Next to Liv Tyler, Angelina Jolie is the only actress of her generation who can thank her famous father for the lips that have become her trademark. The actress was born Angelina Jolie Voight to the pillow-lipped Jon Voight and actress Marcheline Bertrand on June 4, 1975, in Los Angeles.
Raised mostly by her mother after her parents divorced while she was still a baby, Jolie moved around a lot with her mother and brother. She also did a fair amount of traveling as a professional model, living in such places as London, New York, and Los Angeles before settling for a time in New York as a student at the Lee Strasberg Theatre Institute and New York University, where she first started acting in theater productions. The fledgling actress soon moved on to film with a small role in 1993's Cyborg 2, followed in 1995 by her turn as a computer hacker in the more widely seen Hackers. The film gave her her first taste of recognition, as well as an introduction to Trainspotting's Jonny Lee Miller, to whom she was married for a short time.

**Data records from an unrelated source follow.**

definition c_corr :: "int \<Rightarrow> int \<Rightarrow> int \<Rightarrow> real" where
  "c_corr a b t = (1 / (2 * of_int b)) *
     ( (rmod (of_int (t + 1 - a)) b)\<^sup>2
     + (of_int b - 2 - 2 * rmod (of_int (t - a)) b) * rmod (of_int (t + 1 - a)) b
     + rmod (of_int (a + t)) b * (of_int b - 2 - 2 * rmod (of_int (a + t - 1)) b + rmod (of_int (a + t)) b)
     + (rmod (of_int t) b)\<^sup>2
     + (of_int b - 1 - 2 * rmod (of_int t - 1 / 2) b) * rmod (of_int t) b )"

end

theory Submission
  imports Defs
begin

text \<open>The odd row \<open>k = 2n + 1\<close> contains \<open>\<lfloor>n/b\<rfloor> + 1\<close> on-diagonal and
  \<open>\<lfloor>(n+1-a)/b\<rfloor> + \<lfloor>(n+a)/b\<rfloor> + 1\<close> off-diagonal pairs. Sums of \<open>\<lfloor>(n+s)/b\<rfloor>\<close> over
  \<open>n < t\<close> telescope against \<open>F(m) = m(m-b) + [m]\<^sub>b(b - [m]\<^sub>b)\<close>, which satisfies
  \<open>F(m+1) - F(m) = 2b\<lfloor>m/b\<rfloor>\<close>. The polynomial parts of \<open>F\<close> give the quadratic in \<open>t\<close>,
  the parts \<open>[m]\<^sub>b(b - [m]\<^sub>b) \<in> [0, b\<^sup>2]\<close> give \<open>2bc\<close>: each summand of \<open>c\<close> collapses
  to such a product because \<open>[m+1]\<^sub>b\<close> is either \<open>[m]\<^sub>b + 1\<close> or \<open>0\<close>.\<close>

lemma le_div_iff_mult_le_int:
  fixes k x m :: int
  assumes "m > 0"
  shows "k \<le> x div m \<longleftrightarrow> k * m \<le> x"
proof
  assume "k \<le> x div m"
  then have "k * m \<le> x div m * m" using assms by simp
  also have "\<dots> \<le> x" using assms div_mult_mod_eq[of x m] pos_mod_sign[of m x] by linarith
  finally show "k * m \<le> x" .
next
  assume "k * m \<le> x"
  then have "k * m div m \<le> x div m" using assms by (intro zdiv_mono1) auto
  then show "k \<le> x div m" using assms by simp
qed
(* Let $G$ be a $2$-connected (finite, simple) graph with pathwidth $p$. Then every edge of $G$ is contained in a bond $F$ of $G$ such that $p \le 3|F|-2$. In particular, if $G$ has cocircumference $k$, then $\mathrm{pw}(G)\le 3k-2$.
   Context: A bond of a graph $G$ is an inclusion-wise minimal set of edges $F$ such that $G-F$ has more connected components than $G$. The cocircumference of a graph with at least one edge is the maximum size of a bond. A tree-decomposition of $G$ is a family $\{X_u : u\in V(T)\}$ of subsets of $V(G)$ indexed by the nodes of a tree $T$ such that for every $x\in V(G)$ the nodes $u$ with $x\in X_u$ induce a non-empty subtree of $T$, and every edge $xy$ of $G$ satisfies $\{x,y\}\subseteq X_u$ for some $u$; its width is $\max_u |X_u|-1$. A path-decomposition is a tree-decomposition where $T$ is a path, written as a sequence of bags $(X_0,\dots,X_s)$; the pathwidth $\mathrm{pw}(G)$ is the minimum width of a path-decomposition of $G$. *)

theory Defs
  imports Main
begin

definition simple_graph :: "'a set \<Rightarrow> 'a set set \<Rightarrow> bool" where
  "simple_graph V E \<longleftrightarrow> finite V \<and> (\<forall>e\<in>E. \<exists>x y. e = {x, y} \<and> x \<in> V \<and> y \<in> V \<and> x \<noteq> y)"

definition reach :: "'a set set \<Rightarrow> 'a \<Rightarrow> 'a \<Rightarrow> bool" where
  "reach E = (\<lambda>x y. {x, y} \<in> E)\<^sup>*\<^sup>*"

After appearing in a number of mediocre films, Jolie finally hit it big in 1997 with her Golden Globe-winning performance as George Wallace's wife in the highly acclaimed TV movie George Wallace. The role, coupled with her Emmy-nominated performance in the title role of HBO's Gia, provided Jolie with a new level of professional respect and recognition. She was soon appearing on talk shows and in magazines, answering questions about everything from her multiple tattoos to her famous father to her brief marriage.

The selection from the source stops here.